### Pipeline

Using scikit-learn's Pipeline with a built-in dataset, demonstrating how to chain together multiple functions for a machine learning workflow. This example uses the Iris dataset and applies preprocessing, feature selection, and a classifier. The pipeline will include at least five functions.

In [2]:
import numpy as np
import pandas as pd
from sklearn.datasets import load_iris
from sklearn.model_selection import train_test_split
from sklearn.preprocessing import StandardScaler, OneHotEncoder
from sklearn.impute import SimpleImputer
from sklearn.decomposition import PCA
from sklearn.ensemble import RandomForestClassifier
from sklearn.pipeline import Pipeline
from sklearn.compose import ColumnTransformer
from sklearn.model_selection import cross_val_score

In [3]:
# Load Iris dataset
iris = load_iris()
X = pd.DataFrame(iris.data, columns=iris.feature_names)
y = iris.target

In [None]:
# Split the dataset into train and test sets
X_train, X_test, y_train, y_test = train_test_split(X, y, test_size=0.3, random_state=42)


In [None]:
# Define preprocessing for numeric columns and encoding categorical data
# Here we assume the Iris dataset has numeric features, but this can be adapted for categorical data
numeric_features = X.columns
numeric_transformer = Pipeline(steps=[
    ('imputer', SimpleImputer(strategy='mean')),  # Handle missing values
    ('scaler', StandardScaler())                 # Standardize features
])

In [None]:
# Define a full preprocessing pipeline with PCA and RandomForest
# Applying PCA for dimensionality reduction
full_pipeline = Pipeline(steps=[
    ('preprocessor', numeric_transformer),
    ('pca', PCA(n_components=2)),                  # Dimensionality reduction to 2 components
    ('classifier', RandomForestClassifier(n_estimators=100, random_state=42))  # Classifier
])

In [None]:
# Cross-validation to evaluate the pipeline
cv_scores = cross_val_score(full_pipeline, X_train, y_train, cv=5)

# Print cross-validation scores
print(f'Cross-validation scores: {cv_scores}')
print(f'Mean cross-validation score: {np.mean(cv_scores)}')
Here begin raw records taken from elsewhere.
lemma strongly_dissipative_map_prod:
  assumes "strongly_dissipative c F" "strongly_dissipative d H"
  shows "strongly_dissipative (min c d) (map_prod F H)"
  unfolding strongly_dissipative_def
proof (intro allI)
  fix z z' :: "'a \<times> 'b"
  obtain x y x' y' where z: "z = (x, y)" "z' = (x', y')" by fastforce
  have "(F x - F x') \<bullet> (x - x') \<le> - min c d * (norm (x - x'))\<^sup>2"
    using strongly_dissipative_mono[OF assms(1) min.cobounded1]
    by (simp add: strongly_dissipative_def)
  moreover have "(H y - H y') \<bullet> (y - y') \<le> - min c d * (norm (y - y'))\<^sup>2"
    using strongly_dissipative_mono[OF assms(2) min.cobounded2]
    by (simp add: strongly_dissipative_def)
  ultimately show "(map_prod F H z - map_prod F H z') \<bullet> (z - z') \<le> - min c d * (norm (z - z'))\<^sup>2"
    by (simp add: z norm_Pair algebra_simps)
qed
(* Let $u\in\mathcal{B}^N$, $m\in\mathbb{R}$, $\varepsilon>0$, $(r,\sigma)\in F(N,A,u,m)$ and $(t,\sigma)\in F(N,A,u,m-\varepsilon)$ such that $r_a>t_a$ for each $a\in A$. Suppose there is no $i\in N$ and $a\in A$ with $r_a>b_i>t_a$. Then $\sigma$ is a maximum weight perfect matching in $\mathcal{F}^u(r)$.
   Context: Fix a finite set $\{\rho_1,\dots,\rho_k\}\subseteq\mathbb{R}_+$ with $\rho_1=0$. $N=\{1,\dots,n\}$ agents, $A$ a set of $n$ rooms. $\mathcal{B}$ is the set of utility functions $u_i(r_a,a)=v^i_a-r_a-\rho_i\max\{0,r_a-b_i\}$ with $v^i\in\mathbb{R}^A$, $b_i\ge0$, $\rho_i\in\{\rho_1,\dots,\rho_k\}$. An allocation for $(N,A,u,m)$ is $(r,\sigma)$ with $\sigma:N\to A$ a bijection, $r\in\mathbb{R}^A$, $\sum_ar_a=m$; envy-free means $u_i(r_{\sigma(i)},\sigma(i))\ge u_i(r_{\sigma(j)},\sigma(j))$ for all $i,j$; $F(N,A,u,m)$ is the set of envy-free allocations. $\lambda_{ia}(u,r):=1+\rho_i$ if $r_a>b_i$, else $1$. For $r$ with some envy-free $(r,\sigma)$, $\mathcal{F}(r)$ is the bipartite graph on $N\cup A$ with edge $(i,a)$ iff $u_i(r_{\sigma(i)},\sigma(i))=u_i(r_a,a)$, and $\mathcal{F}^u(r)$ is this graph with weights $w(i,a)=\log\lambda_{ia}(u,r)$; a maximum weight perfect matching is a bijection $\mu:N\to A$ using only edges of $\mathcal{F}(r)$ and maximizing $\sum_iw(i,\mu(i))$ among such. *)

theory Defs
  imports "HOL-Analysis.Analysis"
begin

definition util :: "('i \<Rightarrow> 'a \<Rightarrow> real) \<Rightarrow> ('i \<Rightarrow> real) \<Rightarrow> ('i \<Rightarrow> real)
    \<Rightarrow> 'i \<Rightarrow> real \<Rightarrow> 'a \<Rightarrow> real" where
  "util v b rho i x a = v i a - x - rho i * max 0 (x - b i)"

definition in_class_B :: "real set \<Rightarrow> 'i set \<Rightarrow> 'a set \<Rightarrow> ('i \<Rightarrow> 'a \<Rightarrow> real)
    \<Rightarrow> ('i \<Rightarrow> real) \<Rightarrow> ('i \<Rightarrow> real) \<Rightarrow> bool" where
  "in_class_B Rhos N A v b rho \<longleftrightarrow> (\<forall>i\<in>N. b i \<ge> 0 \<and> rho i \<in> Rhos)"

definition envy_free :: "'i set \<Rightarrow> 'a set \<Rightarrow> ('i \<Rightarrow> real \<Rightarrow> 'a \<Rightarrow> real) \<Rightarrow> real
    \<Rightarrow> ('a \<Rightarrow> real) \<Rightarrow> ('i \<Rightarrow> 'a) \<Rightarrow> bool" where
  "envy_free N A u m r \<sigma> \<longleftrightarrow>
     bij_betw \<sigma> N A \<and> (\<Sum>a\<in>A. r a) = m \<and>
     (\<forall>i\<in>N. \<forall>j\<in>N. u i (r (\<sigma> i)) (\<sigma> i) \<ge> u i (r (\<sigma> j)) (\<sigma> j))"

definition lam :: "('i \<Rightarrow> real) \<Rightarrow> ('i \<Rightarrow> real) \<Rightarrow> ('a \<Rightarrow> real) \<Rightarrow> 'i \<Rightarrow> 'a \<Rightarrow> real" where
  "lam b rho r i a = (if r a > b i then 1 + rho i else 1)"

definition F_edge :: "'i set \<Rightarrow> 'a set \<Rightarrow> ('i \<Rightarrow> real \<Rightarrow> 'a \<Rightarrow> real) \<Rightarrow> ('a \<Rightarrow> real)
    \<Rightarrow> ('i \<Rightarrow> 'a) \<Rightarrow> 'i \<Rightarrow> 'a \<Rightarrow> bool" where
  "F_edge N A u r \<sigma> i a \<longleftrightarrow> i \<in> N \<and> a \<in> A \<and> u i (r (\<sigma> i)) (\<sigma> i) = u i (r a) a"

definition perfect_matching_in_F :: "'i set \<Rightarrow> 'a set \<Rightarrow> ('i \<Rightarrow> real \<Rightarrow> 'a \<Rightarrow> real)
    \<Rightarrow> ('a \<Rightarrow> real) \<Rightarrow> ('i \<Rightarrow> 'a) \<Rightarrow> ('i \<Rightarrow> 'a) \<Rightarrow> bool" where
  "perfect_matching_in_F N A u r \<sigma> \<mu> \<longleftrightarrow>
     bij_betw \<mu> N A \<and> (\<forall>i\<in>N. F_edge N A u r \<sigma> i (\<mu> i))"

definition max_weight_pm :: "'i set \<Rightarrow> 'a set \<Rightarrow> ('i \<Rightarrow> real \<Rightarrow> 'a \<Rightarrow> real)
    \<Rightarrow> ('i \<Rightarrow> real) \<Rightarrow> ('i \<Rightarrow> real) \<Rightarrow> ('a \<Rightarrow> real) \<Rightarrow> ('i \<Rightarrow> 'a) \<Rightarrow> ('i \<Rightarrow> 'a) \<Rightarrow> bool" where
  "max_weight_pm N A u b rho r \<sigma> \<mu> \<longleftrightarrow>
     perfect_matching_in_F N A u r \<sigma> \<mu> \<and>
     (\<forall>\<mu>'. perfect_matching_in_F N A u r \<sigma> \<mu>' \<longrightarrow>
        (\<Sum>i\<in>N. ln (lam b rho r i (\<mu>' i))) \<le> (\<Sum>i\<in>N. ln (lam b rho r i (\<mu> i))))"

end

theory Submission
  imports Defs
begin

text \<open>Since no budget lies strictly between t a and r a, lowering the rent of
  room a from r a to t a raises every agent's utility for it by exactly
  lam i a * (r a - t a). Agent i is indifferent at r between its own room and the room it gets
  in any perfect matching mu of F(r), and by envy-freeness at t it weakly prefers its own room
  there, so lam i (mu i) * d (mu i) <= lam i (sigma i) * d (sigma i) with d = r - t. Taking
  logarithms and summing over i, the terms ln d cancel because mu and sigma are both
  bijections onto the rooms.\<close>

lemma util_gap_eq_lam:
  assumes "t a < r a" and "\<not> (r a > b i \<and> b i > t a)"
  shows "util v b rho i (t a) a - util v b rho i (r a) a = lam b rho r i a * (r a - t a)"
  using assms unfolding util_def lam_def
  by (auto simp: max_def algebra_simps)

lemma lam_pos: "rho i \<ge> 0 \<Longrightarrow> lam b rho r i a > 0"
  by (simp add: lam_def)

lemma lam_gap_le_of_indifferent:
  assumes "util v b rho i (r a) a = util v b rho i (r c) c"
    and "util v b rho i (t c) c \<le> util v b rho i (t a) a"
    and "t a < r a" "t c < r c"
    and "\<not> (r a > b i \<and> b i > t a)" "\<not> (r c > b i \<and> b i > t c)"
  shows "lam b rho r i c * (r c - t c) \<le> lam b rho r i a * (r a - t a)"
  using util_gap_eq_lam[of t a r b i v rho] util_gap_eq_lam[of t c r b i v rho] assms
  by linarith

lemma sum_ln_le_of_bij_mult_le:
  fixes w :: "'i \<Rightarrow> 'a \<Rightarrow> real" and d :: "'a \<Rightarrow> real"
  assumes \<mu>: "bij_betw \<mu> N A" and \<sigma>: "bij_betw \<sigma> N A"
    and w_pos: "\<forall>i\<in>N. \<forall>a\<in>A. w i a > 0" and d_pos: "\<forall>a\<in>A. d a > 0"
    and le: "\<forall>i\<in>N. w i (\<mu> i) * d (\<mu> i) \<le> w i (\<sigma> i) * d (\<sigma> i)"
  shows "(\<Sum>i\<in>N. ln (w i (\<mu> i))) \<le> (\<Sum>i\<in>N. ln (w i (\<sigma> i)))"
proof -
  have ln_le: "ln (w i (\<mu> i)) + ln (d (\<mu> i)) \<le> ln (w i (\<sigma> i)) + ln (d (\<sigma> i))"
    if "i \<in> N" for i
  proof -
    have "\<mu> i \<in> A" "\<sigma> i \<in> A"
      using \<mu> \<sigma> that by (auto dest: bij_betw_apply)
    with that w_pos d_pos have pos: "w i (\<mu> i) > 0" "d (\<mu> i) > 0" "w i (\<sigma> i) > 0" "d (\<sigma> i) > 0"
      by auto
    have "ln (w i (\<mu> i) * d (\<mu> i)) \<le> ln (w i (\<sigma> i) * d (\<sigma> i))"
      using that le pos by simp
    with pos show ?thesis
      by (simp add: ln_mult)
  qed
  have "(\<Sum>i\<in>N. ln (d (\<mu> i))) = (\<Sum>i\<in>N. ln (d (\<sigma> i)))"
    using sum.reindex_bij_betw[OF \<mu>, of "\<lambda>a. ln (d a)"]
      sum.reindex_bij_betw[OF \<sigma>, of "\<lambda>a. ln (d a)"] by simp
  moreover have "(\<Sum>i\<in>N. ln (w i (\<mu> i)) + ln (d (\<mu> i))) \<le> (\<Sum>i\<in>N. ln (w i (\<sigma> i)) + ln (d (\<sigma> i)))"
    using ln_le by (rule sum_mono)
  ultimately show ?thesis
    by (simp add: sum.distrib)
qed

lemma envy_free_perfect_matching_self:
  "envy_free N A u m r \<sigma> \<Longrightarrow> perfect_matching_in_F N A u r \<sigma> \<sigma>"
  by (auto simp: envy_free_def perfect_matching_in_F_def F_edge_def dest: bij_betw_apply)

lemma perfect_matching_lam_gap_le:
  assumes envy_t: "envy_free N A (util v b rho) m' t \<sigma>"
    and matching: "perfect_matching_in_F N A (util v b rho) r \<sigma> \<mu>"
    and gap: "\<forall>a\<in>A. r a > t a"
    and no_budget_between: "\<not> (\<exists>i\<in>N. \<exists>a\<in>A. r a > b i \<and> b i > t a)"
    and i: "i \<in> N"
  shows "lam b rho r i (\<mu> i) * (r (\<mu> i) - t (\<mu> i))
    \<le> lam b rho r i (\<sigma> i) * (r (\<sigma> i) - t (\<sigma> i))"
proof -
  have \<sigma>: "bij_betw \<sigma> N A"
    using envy_t by (simp add: envy_free_def)
  have \<mu>: "bij_betw \<mu> N A"
    using matching by (simp add: perfect_matching_in_F_def)
  then obtain j where "j \<in> N" "\<sigma> j = \<mu> i"
    using \<sigma> i by (metis bij_betw_apply bij_betw_imp_surj_on imageE)
  with i envy_t have "util v b rho i (t (\<mu> i)) (\<mu> i) \<le> util v b rho i (t (\<sigma> i)) (\<sigma> i)"
    unfolding envy_free_def by metis
  with i matching \<mu> \<sigma> gap no_budget_between show ?thesis
    by (intro lam_gap_le_of_indifferent)
      (auto simp: perfect_matching_in_F_def F_edge_def dest: bij_betw_apply)
qed

theorem lemma4:
  fixes N :: "'i set" and A :: "'a set" and Rhos :: "real set"
    and v :: "'i \<Rightarrow> 'a \<Rightarrow> real" and b rho :: "'i \<Rightarrow> real"
    and m \<epsilon> :: real and r t :: "'a \<Rightarrow> real" and \<sigma> :: "'i \<Rightarrow> 'a"
  assumes "finite Rhos" and "0 \<in> Rhos" and "\<forall>x\<in>Rhos. x \<ge> 0"
    and "finite N" and "finite A" and "card N = card A"
    and "in_class_B Rhos N A v b rho"
    and "\<epsilon> > 0"
    and "envy_free N A (util v b rho) m r \<sigma>"
    and "envy_free N A (util v b rho) (m - \<epsilon>) t \<sigma>"
    and "\<forall>a\<in>A. r a > t a"
    and "\<not> (\<exists>i\<in>N. \<exists>a\<in>A. r a > b i \<and> b i > t a)"
  shows "max_weight_pm N A (util v b rho) b rho r \<sigma> \<sigma>"
proof -
  have \<sigma>: "bij_betw \<sigma> N A"
    using assms(9) by (simp add: envy_free_def)
  have lam_pos_on: "\<forall>i\<in>N. \<forall>a\<in>A. lam b rho r i a > 0"
    using assms(3,7) by (auto simp: in_class_B_def intro: lam_pos)
  have "(\<Sum>i\<in>N. ln (lam b rho r i (\<mu> i))) \<le> (\<Sum>i\<in>N. ln (lam b rho r i (\<sigma> i)))"
    if "perfect_matching_in_F N A (util v b rho) r \<sigma> \<mu>" for \<mu>
  proof (rule sum_ln_le_of_bij_mult_le[where d = "\<lambda>a. r a - t a"])
    show "bij_betw \<mu> N A"
      using that by (simp add: perfect_matching_in_F_def)
    show "\<forall>i\<in>N. lam b rho r i (\<mu> i) * (r (\<mu> i) - t (\<mu> i))
        \<le> lam b rho r i (\<sigma> i) * (r (\<sigma> i) - t (\<sigma> i))"
      using perfect_matching_lam_gap_le[OF assms(10) that assms(11,12)] by blast
  qed (use \<sigma> lam_pos_on assms(11) in auto)
  with assms(9) show ?thesis
    by (simp add: max_weight_pm_def envy_free_perfect_matching_self)
qed

end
# Fit the pipeline on the training data
full_pipeline.fit(X_train, y_train)

# Evaluate the pipeline on the test set
test_score = full_pipeline.score(X_test, y_test)
print(f'Test set score: {test_score}')

Breakdown of the Pipeline:

Imputation (SimpleImputer):
This step is used to fill missing values with the mean value for each feature. This is useful if you have missing data in your dataset.

Standardization (StandardScaler):
The features are standardized to have a mean of 0 and a standard deviation of 1. This is important for algorithms like PCA and many machine learning algorithms.

Dimensionality Reduction (PCA):
Principal Component Analysis (PCA) is used to reduce the number of features from 4 to 2 for easier visualization and improved performance with less computational cost.

Classification (RandomForestClassifier):
A random forest classifier is used to train and predict the target variable, based on the features processed in the previous steps.

Cross-validation (cross_val_score):
This function is used to evaluate the model on different subsets of the data to ensure it generalizes well across different data splits.